Pressures for conformity continue to press against God’s people now just as they did in Nazi Germany and medieval Europe. The more things change, the more they stay the same.
Sadly, the Christian church – but especially its more conservative membership. . . can you spell MAGA? – is always inclined to endorse the cultural, social status quo, even if our preferred status quo is defined by a sub-culture.
Today’s (sub-)cultural norms are always more popular than Jesus.
For instance, studies consistently reveal that evangelical Christians share the same political priorities, endorse the same social, cultural agendas, and vote for the same political candidates as their non-Christian, non-church going neighbors – wherever they happen to live.
Is this an accident?
The evangelical wing of the Christian church fought against racial integration and condemned the civil rights movement as loudly and vociferously as did the worst racist politicians in the deep South. Men like governors Lester Maddox and George Wallace armed themselves with long, wooden ax handles while blocking the doorways to keep black students out of white, public schools.

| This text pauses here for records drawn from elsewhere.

(* Let $\alpha_1\ge\alpha_2\ge\cdots\ge\alpha_d>0$ and let $\beta_1,\dots,\beta_d$ be a permutation of $\alpha_1,\dots,\alpha_d$. Then \[ \sum_{i=1}^d(\sqrt{\alpha_i}-\sqrt{\beta_i})^2\le2\sum_{j=1}^{d-1}\frac{\alpha_j-\alpha_{j+1}}{\alpha_j}\sum_{i=1}^j(\alpha_i-\beta_i). \] *)

theory Defs
  imports Complex_Main "HOL-Combinatorics.Permutations"
begin

end

theory Submission
  imports Defs
begin

text \<open>
  Each summand is bounded on its own. For \<open>z \<le> y \<le> x\<close> one has
  \<open>(x - z)\<^sup>2 \<le> (y - z)\<^sup>2 + 2 (x\<^sup>2 - y\<^sup>2)/x\<^sup>2 ((x\<^sup>2 + y\<^sup>2)/2 - z\<^sup>2)\<close>
  (and a mirror image moving \<open>z\<close> up), so walking from \<open>\<alpha>\<^sub>i\<close> to \<open>\<alpha>\<^sub>k\<close> one index at a time gives
  \<open>(\<surd>\<alpha>\<^sub>i - \<surd>\<alpha>\<^sub>k)\<^sup>2 \<le> 2 \<Sum>\<^sub>j c\<^sub>j \<epsilon>\<^sub>j (\<alpha>\<^sub>k - m\<^sub>j)\<close> with \<open>c\<^sub>j = (\<alpha>\<^sub>j - \<alpha>\<^sub>j\<^sub>+\<^sub>1)/\<alpha>\<^sub>j\<close>,
  \<open>m\<^sub>j = (\<alpha>\<^sub>j + \<alpha>\<^sub>j\<^sub>+\<^sub>1)/2\<close> and \<open>\<epsilon>\<^sub>j = \<plusminus>1\<close> when the move \<open>i \<mapsto> k\<close> crosses the cut between \<open>j\<close> and
  \<open>j + 1\<close>. Summing over \<open>k = \<sigma> i\<close> and exchanging the sums, the coefficient of \<open>c\<^sub>j\<close> is
  \<open>\<Sum>\<^sub>i \<epsilon>\<^sub>j (\<beta>\<^sub>i - m\<^sub>j) = \<Sum>\<^sub>i\<^sub>\<le>\<^sub>j (\<alpha>\<^sub>i - \<beta>\<^sub>i)\<close>: a permutation moves as many items across
  each cut in one direction as in the other, so the constant \<open>m\<^sub>j\<close> cancels.
\<close>

lemma power2_diff_le_step_upper:
  fixes x y z :: real
  assumes "0 < z" "z \<le> y" "y \<le> x"
  shows "(x - z)^2 \<le> (y - z)^2 + 2 * ((x^2 - y^2) / x^2 * ((x^2 + y^2) / 2 - z^2))"
proof -
  have "x > 0" using assms by linarith
  have "(x + y) * z \<le> 2 * x^2"
    using assms mult_mono[of "x + y" "2 * x" z x] by (simp add: power2_eq_square)
  moreover have "z^2 \<le> y^2" using assms by (simp add: power_mono)
  ultimately have "0 \<le> (x - y) * ((x + y) * (y^2 - z^2) + z * (2 * x^2 - (x + y) * z)) / x^2"
    using assms by (intro divide_nonneg_nonneg mult_nonneg_nonneg add_nonneg_nonneg) auto
  moreover have "(y - z)^2 + 2 * ((x^2 - y^2) / x^2 * ((x^2 + y^2) / 2 - z^2)) - (x - z)^2
      = (x - y) * ((x + y) * (y^2 - z^2) + z * (2 * x^2 - (x + y) * z)) / x^2"
    using \<open>x > 0\<close> by (simp add: field_simps power2_eq_square)
  ultimately show ?thesis by linarith
qed

lemma power2_diff_le_step_lower:
  fixes x y z :: real
  assumes "0 < z" "z \<le> y" "y \<le> x"
  shows "(x - z)^2 \<le> (x - y)^2 + 2 * ((y^2 - z^2) / y^2 * (x^2 - (y^2 + z^2) / 2))"
proof -
  have "y > 0" using assms by linarith
  have "(x - y)^2 + 2 * ((y^2 - z^2) / y^2 * (x^2 - (y^2 + z^2) / 2)) - (x - z)^2
      = (y - z) * (2 * (x - y) * (x * y + x * z + y * z) + (y - z) * z * (2 * y + z)) / y^2"
    using \<open>y > 0\<close> by (simp add: field_simps power2_eq_square)
  moreover have "0 \<le> (y - z) * (2 * (x - y) * (x * y + x * z + y * z) + (y - z) * z * (2 * y + z)) / y^2"
    using assms by (intro divide_nonneg_nonneg mult_nonneg_nonneg add_nonneg_nonneg) auto
  ultimately show ?thesis by linarith
qed

lemma sqrt_diff_sq_le_sum_fixed_lower:
  fixes v :: "nat \<Rightarrow> real"
  assumes "\<And>j. p \<le> j \<Longrightarrow> j \<le> q \<Longrightarrow> 0 < v j"
    and "\<And>i j. p \<le> i \<Longrightarrow> i \<le> j \<Longrightarrow> j \<le> q \<Longrightarrow> v j \<le> v i"
    and "p \<le> q"
  shows "(sqrt (v p) - sqrt (v q))^2
    \<le> 2 * (\<Sum>j\<in>{p..<q}. (v j - v (j+1)) / v j * ((v j + v (j+1)) / 2 - v q))"
  using assms
proof (induction "q - p" arbitrary: p)
  case 0
  then show ?case by simp
next
  case (Suc n)
  then have "p < q" by linarith
  have IH: "(sqrt (v (Suc p)) - sqrt (v q))^2
      \<le> 2 * (\<Sum>j\<in>{Suc p..<q}. (v j - v (j+1)) / v j * ((v j + v (j+1)) / 2 - v q))"
    using Suc \<open>p < q\<close> by (intro Suc.hyps) auto
  have "0 < v q" "v q \<le> v (Suc p)" "v (Suc p) \<le> v p" "0 < v p"
    using Suc.prems \<open>p < q\<close> by auto
  then have "(sqrt (v p) - sqrt (v q))^2 \<le> (sqrt (v (Suc p)) - sqrt (v q))^2
      + 2 * ((v p - v (Suc p)) / v p * ((v p + v (Suc p)) / 2 - v q))"
    using power2_diff_le_step_upper[of "sqrt (v q)" "sqrt (v (Suc p))" "sqrt (v p)"] by simp
  moreover have "{p..<q} = insert p {Suc p..<q}" using \<open>p < q\<close> by auto
  ultimately show ?case using IH by (simp add: algebra_simps)
qed

lemma sqrt_diff_sq_le_sum_fixed_upper:
  fixes v :: "nat \<Rightarrow> real"
  assumes "\<And>j. p \<le> j \<Longrightarrow> j \<le> q \<Longrightarrow> 0 < v j"
    and "\<And>i j. p \<le> i \<Longrightarrow> i \<le> j \<Longrightarrow> j \<le> q \<Longrightarrow> v j \<le> v i"
    and "p \<le> q"
  shows "(sqrt (v p) - sqrt (v q))^2
    \<le> 2 * (\<Sum>j\<in>{p..<q}. (v j - v (j+1)) / v j * (v p - (v j + v (j+1)) / 2))"
  using assms
proof (induction "q - p" arbitrary: q)
  case 0
  then show ?case by simp
next
  case (Suc n)
  then obtain r where q: "q = Suc r" and "p \<le> r" by (cases q) auto
  have IH: "(sqrt (v p) - sqrt (v r))^2
      \<le> 2 * (\<Sum>j\<in>{p..<r}. (v j - v (j+1)) / v j * (v p - (v j + v (j+1)) / 2))"
    using Suc q \<open>p \<le> r\<close> by (intro Suc.hyps) auto
  have "0 < v q" "v q \<le> v r" "v r \<le> v p" "0 < v r"
    using Suc.prems q \<open>p \<le> r\<close> by auto
  then have "(sqrt (v p) - sqrt (v q))^2 \<le> (sqrt (v p) - sqrt (v r))^2
      + 2 * ((v r - v q) / v r * (v p - (v r + v q) / 2))"
    using power2_diff_le_step_lower[of "sqrt (v q)" "sqrt (v r)" "sqrt (v p)"] by simp
  then show ?case using IH \<open>p \<le> r\<close> unfolding q by (simp add: algebra_simps)
qed

definition level_crossing :: "nat \<Rightarrow> nat \<Rightarrow> nat \<Rightarrow> real" where
  "level_crossing i k j = of_bool (k \<le> j) - of_bool (i \<le> j)"

lemma sqrt_diff_sq_le_crossing_sum:
  fixes \<alpha> :: "nat \<Rightarrow> real"
  assumes mono: "\<And>i j. 1 \<le> i \<Longrightarrow> i \<le> j \<Longrightarrow> j \<le> d \<Longrightarrow> \<alpha> j \<le> \<alpha> i"
    and pos: "\<And>i. 1 \<le> i \<Longrightarrow> i \<le> d \<Longrightarrow> \<alpha> i > 0"
    and i: "i \<in> {1..d}" and k: "k \<in> {1..d}"
  shows "(sqrt (\<alpha> i) - sqrt (\<alpha> k))^2 \<le> 2 * (\<Sum>j=1..d-1. (\<alpha> j - \<alpha> (j+1)) / \<alpha> j
           * (level_crossing i k j * (\<alpha> k - (\<alpha> j + \<alpha> (j+1))/2)))"
    (is "_ \<le> 2 * sum ?t _")
proof (cases i k rule: linorder_cases)
  case less
  have "sum ?t {1..d-1} = (\<Sum>j\<in>{i..<k}. (\<alpha> j - \<alpha> (j+1)) / \<alpha> j * ((\<alpha> j + \<alpha> (j+1))/2 - \<alpha> k))"
    using i k less by (intro sum.mono_neutral_cong_right) (auto simp: level_crossing_def)
  moreover have "(sqrt (\<alpha> i) - sqrt (\<alpha> k))^2
      \<le> 2 * (\<Sum>j\<in>{i..<k}. (\<alpha> j - \<alpha> (j+1)) / \<alpha> j * ((\<alpha> j + \<alpha> (j+1))/2 - \<alpha> k))"
    using i k less by (intro sqrt_diff_sq_le_sum_fixed_lower) (auto intro: pos mono)
  ultimately show ?thesis by simp
next
  case equal
  then show ?thesis by (simp add: level_crossing_def)
next
  case greater
  have "sum ?t {1..d-1} = (\<Sum>j\<in>{k..<i}. (\<alpha> j - \<alpha> (j+1)) / \<alpha> j * (\<alpha> k - (\<alpha> j + \<alpha> (j+1))/2))"
    using i k greater by (intro sum.mono_neutral_cong_right) (auto simp: level_crossing_def)
  moreover have "(sqrt (\<alpha> k) - sqrt (\<alpha> i))^2
      \<le> 2 * (\<Sum>j\<in>{k..<i}. (\<alpha> j - \<alpha> (j+1)) / \<alpha> j * (\<alpha> k - (\<alpha> j + \<alpha> (j+1))/2))"
    using i k greater by (intro sqrt_diff_sq_le_sum_fixed_upper) (auto intro: pos mono)
  ultimately show ?thesis by (simp add: power2_commute)
qed

lemma sum_prefix_eq_indicator:
  fixes g :: "nat \<Rightarrow> real"
  assumes "j \<le> d"
  shows "(\<Sum>i=1..j. g i) = (\<Sum>i=1..d. of_bool (i \<le> j) * g i)"
  using assms by (intro sum.mono_neutral_cong_left) auto

lemma sum_prefix_diff_permutes:
  fixes f :: "nat \<Rightarrow> real"
  assumes perm: "\<sigma> permutes {1..d}" and "j \<le> d"
  shows "(\<Sum>i=1..j. f i - f (\<sigma> i)) = (\<Sum>i=1..d. level_crossing i (\<sigma> i) j * (f (\<sigma> i) - m))"
proof -
  have prefix: "(\<Sum>i=1..j. g i) = (\<Sum>i=1..d. of_bool (\<sigma> i \<le> j) * g (\<sigma> i))" for g :: "nat \<Rightarrow> real"
    using sum_prefix_eq_indicator[OF \<open>j \<le> d\<close>] sum.permute[OF perm, of "\<lambda>i. of_bool (i \<le> j) * g i"]
    by (simp add: comp_def)
  have prefix_perm: "(\<Sum>i=1..j. g (\<sigma> i)) = (\<Sum>i=1..d. of_bool (i \<le> j) * g (\<sigma> i))" for g :: "nat \<Rightarrow> real"
    using sum_prefix_eq_indicator[OF \<open>j \<le> d\<close>] .
  have "(\<Sum>i=1..j. f i - f (\<sigma> i)) = (\<Sum>i=1..j. f i) - (\<Sum>i=1..j. f (\<sigma> i))"
    by (rule sum_subtractf)
  also have "\<dots> = (\<Sum>i=1..d. level_crossing i (\<sigma> i) j * f (\<sigma> i))"
    unfolding prefix[of f] prefix_perm[of f]
    by (simp add: level_crossing_def left_diff_distrib sum_subtractf)
  finally have "(\<Sum>i=1..j. f i - f (\<sigma> i)) = (\<Sum>i=1..d. level_crossing i (\<sigma> i) j * f (\<sigma> i))" .
  moreover have "(\<Sum>i=1..d. level_crossing i (\<sigma> i) j) = 0"
    using prefix[of "\<lambda>_. 1"] prefix_perm[of "\<lambda>_. 1"]
    by (simp add: level_crossing_def sum_subtractf)
  then have "(\<Sum>i=1..d. level_crossing i (\<sigma> i) j * m) = 0"
    by (simp flip: sum_distrib_right)
  ultimately show ?thesis by (simp add: right_diff_distrib sum_subtractf)
qed

theorem mainTheorem14:
  fixes d :: nat and \<alpha> :: "nat \<Rightarrow> real" and \<sigma> :: "nat \<Rightarrow> nat"
  assumes mono: "\<And>i j. 1 \<le> i \<Longrightarrow> i \<le> j \<Longrightarrow> j \<le> d \<Longrightarrow> \<alpha> j \<le> \<alpha> i"
    and pos: "\<And>i. 1 \<le> i \<Longrightarrow> i \<le> d \<Longrightarrow> \<alpha> i > 0"
    and perm: "\<sigma> permutes {1..d}"
  shows "(\<Sum>i=1..d. (sqrt (\<alpha> i) - sqrt (\<alpha> (\<sigma> i)))^2)
    \<le> 2 * (\<Sum>j=1..d-1. (\<alpha> j - \<alpha> (j+1)) / \<alpha> j * (\<Sum>i=1..j. \<alpha> i - \<alpha> (\<sigma> i)))"
proof -
  define w where "w j = (\<alpha> j - \<alpha> (j+1)) / \<alpha> j" for j
  define t where "t j i = level_crossing i (\<sigma> i) j * (\<alpha> (\<sigma> i) - (\<alpha> j + \<alpha> (j+1))/2)" for j i
  have "(\<Sum>i=1..d. (sqrt (\<alpha> i) - sqrt (\<alpha> (\<sigma> i)))^2) \<le> (\<Sum>i=1..d. 2 * (\<Sum>j=1..d-1. w j * t j i))"
    unfolding w_def t_def using permutes_in_image[OF perm]
    by (intro sum_mono mult_left_mono sqrt_diff_sq_le_crossing_sum[OF mono pos]) auto
  also have "\<dots> = 2 * (\<Sum>j=1..d-1. w j * (\<Sum>i=1..d. t j i))"
    by (simp add: sum_distrib_left) (rule sum.swap)
  also have "\<dots> = 2 * (\<Sum>j=1..d-1. w j * (\<Sum>i=1..j. \<alpha> i - \<alpha> (\<sigma> i)))"
    unfolding t_def using sum_prefix_diff_permutes[OF perm]
    by (intro arg_cong[where f = "(*) 2"] sum.cong refl) auto
  finally show ?thesis by (simp add: w_def)
qed

end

And, yes, the southern, conservative church applauded both Maddox and Wallace and their violent racism.
Similar instincts are at play today when Christians join in the condemnation of Critical Race Theory, while not having the slightest inkling of what CRT really is.
What other sorts of violence, racism, bigotry, and close-mindedness are evangelicals, who claim the name of Jesus, following after today?
Pay attention to how closely “acceptable” church leadership conforms itself to the standard, middle-class, cultural virtues of the friendly, well-dressed, patriotic American. How much of this social conformity is the fruit of genuine Christian discipleship, following hard after Jesus, and how much of it is merely the required uniform expected of us by the world at large?
Neither the dangers of racism, in all of its various shades, nor the moral compromises on display when the Christian church surrenders itself to cultural conformity have changed all that much over time.
The pressure to conform never goes away.
The crucial question is: to whom or to what are we conforming? Middle-class values? Or Jesus of Nazareth?